Monte Carlo simulations to generate sequences that have all combination of K bases at least once and not more than twice were performed using simulated annealing as follows. We initially generate random sequences of N bases and select those that include all combinations of K bases at least once and not more than twice. We next propose one-base changes, which conserve all combinations of K bases and accept them if they decrease the roughness of the free energy landscape, defined as \(R = \mathop {\sum}\nolimits_{j = 1}^N {{{( {\mathop {\sum}\nolimits_{i = 1}^{i < j} {{\alpha _i} - j{\alpha _{{\rm{mean}}}}} } )^2}}} \), where α i is the nearest neighbor free energy associated to the bp i and \({\alpha _{{\rm{mean}}}} = \mathop {\sum}\nolimits_{i = 1}^{i = N} {{\alpha _i}{\rm{/}}N} \). Minimizing the roughness R is a way of minimizing the height of the barriers in the unzipping free energy profile of the DNA sequence and consequently flattening the free energy profile G F (n). We focus on the study of sequences that includes all tetranucleotide combinations (K = 4), with a fixed length of 170 bps. The roughness minimization leads to sequences presenting flat profiles with small barriers whose height are on the order of thermal forces (1–3 k B T), Fig. 5b. Such small barriers can be easily overcome by Brownian fluctuations and are not expected to generate any detectable block to the unzipping process. In Supplementary Fig. 7 are shown the results for the roughness of the free energy landscape R as a function of the Monte Carlo steps for a sequence of N = 170 bps that includes all tetranucleotide combinations (K = 4). As expected the roughness R decreases as the number of Monte Carlo steps increases.

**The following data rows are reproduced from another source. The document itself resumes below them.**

locale mu_derivation = four_basis_vectors +
  fixes s t :: 'a and D :: "'b \<Rightarrow> 'b"
  assumes derivation: "D \<in> gen_derivations scale s 1 0 (mu t)"
    and nondegenerate: "s \<noteq> 0" "s \<noteq> 1" "s + 1 \<noteq> 0" "s + t \<noteq> 0" "t \<noteq> 0"
begin

sublocale D: Vector_Spaces.linear scale scale D
  using derivation unfolding gen_derivations_def by blast

lemma derivation_eq: "s *s D (mu t x y) = mu t (D x) y"
  using derivation unfolding gen_derivations_def by simp

lemma coord_derivation_eq: "s * coord (D (mu t x y)) b = coord (mu t (D x) y) b"
  using derivation_eq by (metis coord_scale)

lemma rest_derivation_eq: "s *s rest (D (mu t x y)) = rest (mu t (D x) y)"
  using derivation_eq by (metis rest_scale)

lemmas expand_mu = mu_def D.add D.scale D.diff D.zero

definition coeff :: 'a where
  "coeff = coord (D e1) e2"

lemma coord_D_e3_e1: "coord (D e3) e1 = 0"
  using coord_derivation_eq[of e3 e3 e1] by (simp add: expand_mu nondegenerate)

lemma coord_D_e3_e2: "coord (D e3) e2 = 0"
  using coord_derivation_eq[of e3 e3 e2] by (simp add: expand_mu nondegenerate)

lemma coord_D_e4_e2: "coord (D e4) e2 = 0"
  using coord_derivation_eq[of e4 e3 e2] by (simp add: expand_mu nondegenerate)

lemma D_e1: "D e1 = coeff *s e2"
  unfolding coeff_def
proof (rule coord_rest_eqI)
  show "coord (D e1) e1 = coord (coord (D e1) e2 *s e2) e1"
    using coord_derivation_eq[of e1 e3 e1] coord_D_e3_e1 by (simp add: expand_mu nondegenerate)
  show "coord (D e1) e3 = coord (coord (D e1) e2 *s e2) e3"
    using coord_derivation_eq[of e1 e1 e3] by (simp add: expand_mu nondegenerate)
  show "coord (D e1) e4 = coord (coord (D e1) e2 *s e2) e4"
    using coord_derivation_eq[of e1 e1 e2] by (simp add: expand_mu nondegenerate)
  show "rest (D e1) = rest (coord (D e1) e2 *s e2)"
    using rest_derivation_eq[of e1 e1] by (simp add: expand_mu nondegenerate)
qed simp

lemma eigenvalue_coeff: "s * coeff = t * coeff"
  using coord_derivation_eq[of e1 e3 e2] coord_D_e3_e2 D_e1 by (simp add: expand_mu nondegenerate)

lemma D_e3: "D e3 = coeff *s e4"
proof (rule coord_rest_eqI)
  have "s * coord (D e3) e4 = t * coeff"
    using coord_derivation_eq[of e1 e3 e4] D_e1 by (simp add: expand_mu nondegenerate)
  then have "s * coord (D e3) e4 = s * coeff"
    by (metis eigenvalue_coeff)
  then show "coord (D e3) e4 = coord (coeff *s e4) e4"
    using nondegenerate by simp
  show "coord (D e3) e3 = coord (coeff *s e4) e3"
    using coord_derivation_eq[of e1 e3 e3] D_e1 by (simp add: expand_mu nondegenerate)
  show "rest (D e3) = rest (coeff *s e4)"
    using rest_derivation_eq[of e1 e3] D_e1 by (simp add: expand_mu nondegenerate)
qed (simp_all add: coord_D_e3_e1 coord_D_e3_e2)

lemma D_e2: "D e2 = 0"
proof -
  have "coord (D e2) e4 = 0"
    using coord_derivation_eq[of e2 e1 e2] by (simp add: expand_mu nondegenerate)
  then have "coord (D e2) e2 = 0"
    using coord_derivation_eq[of e2 e3 e2] coord_D_e4_e2 by (simp add: expand_mu nondegenerate)
  show ?thesis
  proof (rule coord_rest_eqI)
    show "coord (D e2) e1 = coord 0 e1"
      using coord_derivation_eq[of e2 e4 e2] by (simp add: expand_mu nondegenerate)
    show "coord (D e2) e3 = coord 0 e3"
      using coord_derivation_eq[of e2 e2 e2] by (simp add: expand_mu nondegenerate)
    show "rest (D e2) = rest 0"
      using rest_derivation_eq[of e2 e1] by (simp add: expand_mu nondegenerate)
  qed (simp_all add: \<open>coord (D e2) e4 = 0\<close> \<open>coord (D e2) e2 = 0\<close>)
qed

lemma D_e4: "D e4 = 0"
proof (rule coord_rest_eqI)
  show "coord (D e4) e1 = coord 0 e1"
    using coord_derivation_eq[of e4 e4 e2] by (simp add: expand_mu nondegenerate)
  show "coord (D e4) e3 = coord 0 e3"
    using coord_derivation_eq[of e4 e2 e2] by (simp add: expand_mu nondegenerate)
  show "coord (D e4) e4 = coord 0 e4"
    using coord_derivation_eq[of e2 e3 e4] D_e2 by (simp add: expand_mu nondegenerate)
  show "rest (D e4) = rest 0"
    using rest_derivation_eq[of e2 e3] D_e2 by (simp add: expand_mu nondegenerate)
qed (simp add: coord_D_e4_e2)

lemma D_other_basis:
  assumes "b \<in> Basis" "b \<notin> {e1, e2, e3, e4}"
  shows "D b = 0"
proof -
  have mu_b_e1: "mu t b e1 = b"
    using coord_other_basis[OF assms] rest_other_basis[OF assms] by (simp add: mu_def)
  have "s * coord (D b) e3 = - coord (D b) e3"
    using coord_derivation_eq[of b e1 e3] unfolding mu_b_e1 by simp
  then have "(s + 1) * coord (D b) e3 = 0"
    by (simp add: distrib_right)
  then have 3: "coord (D b) e3 = 0"
    using nondegenerate by simp
  have "s * coord (D b) e4 = - t * coord (D b) e4"
    using coord_derivation_eq[of b e1 e4] unfolding mu_b_e1 by simp
  then have "(s + t) * coord (D b) e4 = 0"
    by (simp add: distrib_right)
  then have 4: "coord (D b) e4 = 0"
    using nondegenerate by simp
  have "s *s rest (D b) = rest (D b)"
    using rest_derivation_eq[of b e1] unfolding mu_b_e1 by simp
  then have "(s - 1) *s rest (D b) = 0"
    by (simp add: scale_left_diff_distrib)
  then have "rest (D b) = 0"
    using nondegenerate by simp
  moreover have "coord (D b) e1 = 0"
    using coord_derivation_eq[of b e1 e1] 3 nondegenerate unfolding mu_b_e1 by simp
  moreover have "coord (D b) e2 = 0"
    using coord_derivation_eq[of b e1 e2] 4 nondegenerate unfolding mu_b_e1 by simp
  ultimately show ?thesis
    using 3 4 coord_rest_eqI[of "D b" 0] by simp
qed

lemma D_eq_multiple_D0: "D = fun_scale scale coeff D0"
proof -
  interpret pair: vector_space_pair scale scale ..
  have "Vector_Spaces.linear scale scale (fun_scale scale coeff D0)"
    using linear_D0 by (simp add: fun_scale_def Vector_Spaces.linear_iff algebra_simps)
  moreover have "D b = fun_scale scale coeff D0 b" if "b \<in> Basis" for b
    using that D_e1 D_e2 D_e3 D_e4 D_other_basis[OF that]
    by (cases "b \<in> {e1, e2, e3, e4}") (auto simp: fun_scale_def D0_def coord_other_basis)
  ultimately show ?thesis
    using pair.linear_eq_on[OF D.linear_axioms] span_Basis by blast
qed

lemma D_eq_0_if_ne: "s \<noteq> t \<Longrightarrow> D = 0"
  using D_eq_multiple_D0 eigenvalue_coeff by (simp add: fun_scale_def zero_fun_def)

end

context four_basis_vectors
begin

lemma phi_mu_eq:
  assumes nondegenerate: "s \<noteq> 0" "s \<noteq> 1" "s + 1 \<noteq> 0" "s + t \<noteq> 0" "t \<noteq> 0"
  shows "phi scale s (mu t) = (if s = t then 1 else 0)"
proof -
  interpret End: vector_space "fun_scale scale"
    by (rule vector_space_fun_scale[OF vector_space_axioms])
  let ?G = "gen_derivations scale s 1 0 (mu t)"
  have derivation: "mu_derivation scale Basis e1 e2 e3 e4 s t D" if "D \<in> ?G" for D
    using that nondegenerate four_basis_vectors_axioms
    unfolding mu_derivation_def mu_derivation_axioms_def by blast
  show ?thesis
  proof (cases "s = t")
    case True
    have "?G \<subseteq> End.span {D0}"
      using mu_derivation.D_eq_multiple_D0[OF derivation] by (auto simp: End.span_singleton)
    then have "End.dim ?G = 1"
      using End.dim_eq_1_if_subset_span_singleton D0_derivation D0_nonzero True by blast
    with True show ?thesis
      unfolding phi_def by simp
  next
    case False
    have "?G \<subseteq> {0}"
      using mu_derivation.D_eq_0_if_ne[OF derivation] False by blast
    with False show ?thesis
      unfolding phi_def by (simp add: End.dim_eq_0_if_subset_zero)
  qed
qed

lemma inj_on_phi:
  assumes "\<And>s t. s \<in> T \<Longrightarrow> t \<in> T \<Longrightarrow> s \<noteq> 0 \<and> s \<noteq> 1 \<and> s + 1 \<noteq> 0 \<and> s + t \<noteq> 0"
  shows "inj_on (\<lambda>t. restrict (phi scale t) (C2 scale)) T"
proof (rule inj_onI)
  fix s t
  assume "s \<in> T" "t \<in> T" and "restrict (phi scale s) (C2 scale) = restrict (phi scale t) (C2 scale)"
  then have "phi scale s (mu t) = phi scale t (mu t)"
    using mu_in_C2 by (metis restrict_apply')
  then show "s = t"
    using phi_mu_eq assms[OF \<open>s \<in> T\<close> \<open>t \<in> T\<close>] assms[OF \<open>t \<in> T\<close> \<open>t \<in> T\<close>]
    by (simp split: if_splits)
qed

end

lemma obtain_four_distinct:
  assumes "4 \<le> card A"
  obtains a b c d where "distinct [a, b, c, d]" "{a, b, c, d} \<subseteq> A"
proof -
  obtain A' where "A' \<subseteq> A" "card A' = 4" "finite A'"
    using obtain_subset_with_card_n[OF assms] .
  then obtain xs where xs: "set xs = A'" "distinct xs"
    using finite_distinct_list by blast
  then have "length xs = 4"
    using distinct_card[OF xs(2)] \<open>card A' = 4\<close> by simp
  then have "\<exists>a b c d. xs = [a, b, c, d]"
    by (auto simp: length_Suc_conv numeral_eq_Suc)
  then obtain a b c d where "xs = [a, b, c, d]"
    by blast
  with xs \<open>A' \<subseteq> A\<close> show ?thesis
    by (intro that) auto
qed

lemma of_nat_greater_one_nondegenerate:
  assumes "s \<in> of_nat ` {1<..}" "t \<in> of_nat ` {1<..}"
  shows "(s :: 'a::semiring_char_0) \<noteq> 0 \<and> s \<noteq> 1 \<and> s + 1 \<noteq> 0 \<and> s + t \<noteq> 0"
proof -
  obtain i j where "1 < i" and st: "s = of_nat i" "t = of_nat j"
    using assms by auto
  then have "of_nat i \<noteq> (0::'a)" "of_nat i \<noteq> (1::'a)"
    "of_nat (i + 1) \<noteq> (0::'a)" "of_nat (i + j) \<noteq> (0::'a)"
    by (simp_all only: of_nat_eq_0_iff of_nat_eq_1_iff)
  then show ?thesis
    unfolding st of_nat_add of_nat_1 by blast
qed

theorem theorem2p7:
  fixes sc :: "'k::field_char_0 \<Rightarrow> 'v::ab_group_add \<Rightarrow> 'v"
    and B :: "'v set" and n :: nat
  assumes "finite_dimensional_vector_space sc B"
    and "card B = n"
    and "n \<ge> 4"
  shows "infinite ((\<lambda>t. restrict (phi sc t) (C2 sc)) ` (UNIV :: 'k set))"
proof -
  obtain e1 e2 e3 e4 where "distinct [e1, e2, e3, e4]" "{e1, e2, e3, e4} \<subseteq> B"
    using obtain_four_distinct[of B] assms(2,3) by blast
  with assms(1) interpret four_basis_vectors sc B e1 e2 e3 e4
    unfolding four_basis_vectors_def four_basis_vectors_axioms_def by auto
  let ?T = "of_nat ` {1<..} :: 'k set"
  have "inj_on (\<lambda>t. restrict (phi sc t) (C2 sc)) ?T"
    by (rule inj_on_phi) (rule of_nat_greater_one_nondegenerate)
  moreover have "infinite ?T"
    using infinite_Ioi[of "1::nat"] by (auto dest: finite_imageD simp: inj_on_def)
  ultimately show ?thesis
    by (metis finite_image_iff infinite_super subset_UNIV image_mono)
qed

end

Correlation analysis to determine the recognition sequence

For any ligand at least two repetitions of the recognition sequence along the DNA tested are required to determine the ligand recognition sequence. In order to determine the recognition sequence, we perform a simple correlation analysis. We compare the DNA regions for stretches of K = 4 bps along windows of a length of 10 bps at right and left of the blockage positions and find the sequence with maximum similarity. For this, we compute the correlation functions C i,j and \(C_{i,j}^\prime \) between points along the DNA sequence i and j as: \({C_{i,j}} = \mathop {\sum}\nolimits_{k = 0,3} {{c_{i + k,j + k}}} \) and \(C_{i,j}^\prime = \mathop {\sum}\nolimits_{k = 0,3} {c_{i + k,j + 3 - k}^\prime } \), where c i+k,j+k  = 1 if the base at position i + k and j + k are the same and zero otherwise, and \(c_{i + k,j + 3 - k}^\prime = 1\) if the base at position i + k and j + 3 − k are the complementary (A vs T and C vs G) and zero otherwise. We next define the similarity function S i,j for each couple (i, j) as the maximum between C i,j and \(C_{i,j}^\prime \), S i,j  = Max{C i,j , \(C_{i,j}^\prime \)}. S i,j can take values from 0 to 4 depending on how close are the sequences (i, i + 1, i + 2, i + 3) and (j, j + 1, j + 2, j + 3), the maximum value of 4 corresponding to the situation where the 4 bases coincide or are complementary. The recognition sequence can be identified as the sequence (i, i + 1, i + 2,  + 3) verifying S i,j  = 4. The results for the Rsa1 and MnII enzymes are depicted in Supplementary Figs. 10d, e and 13d.

Data availability

All relevant data are available from the authors.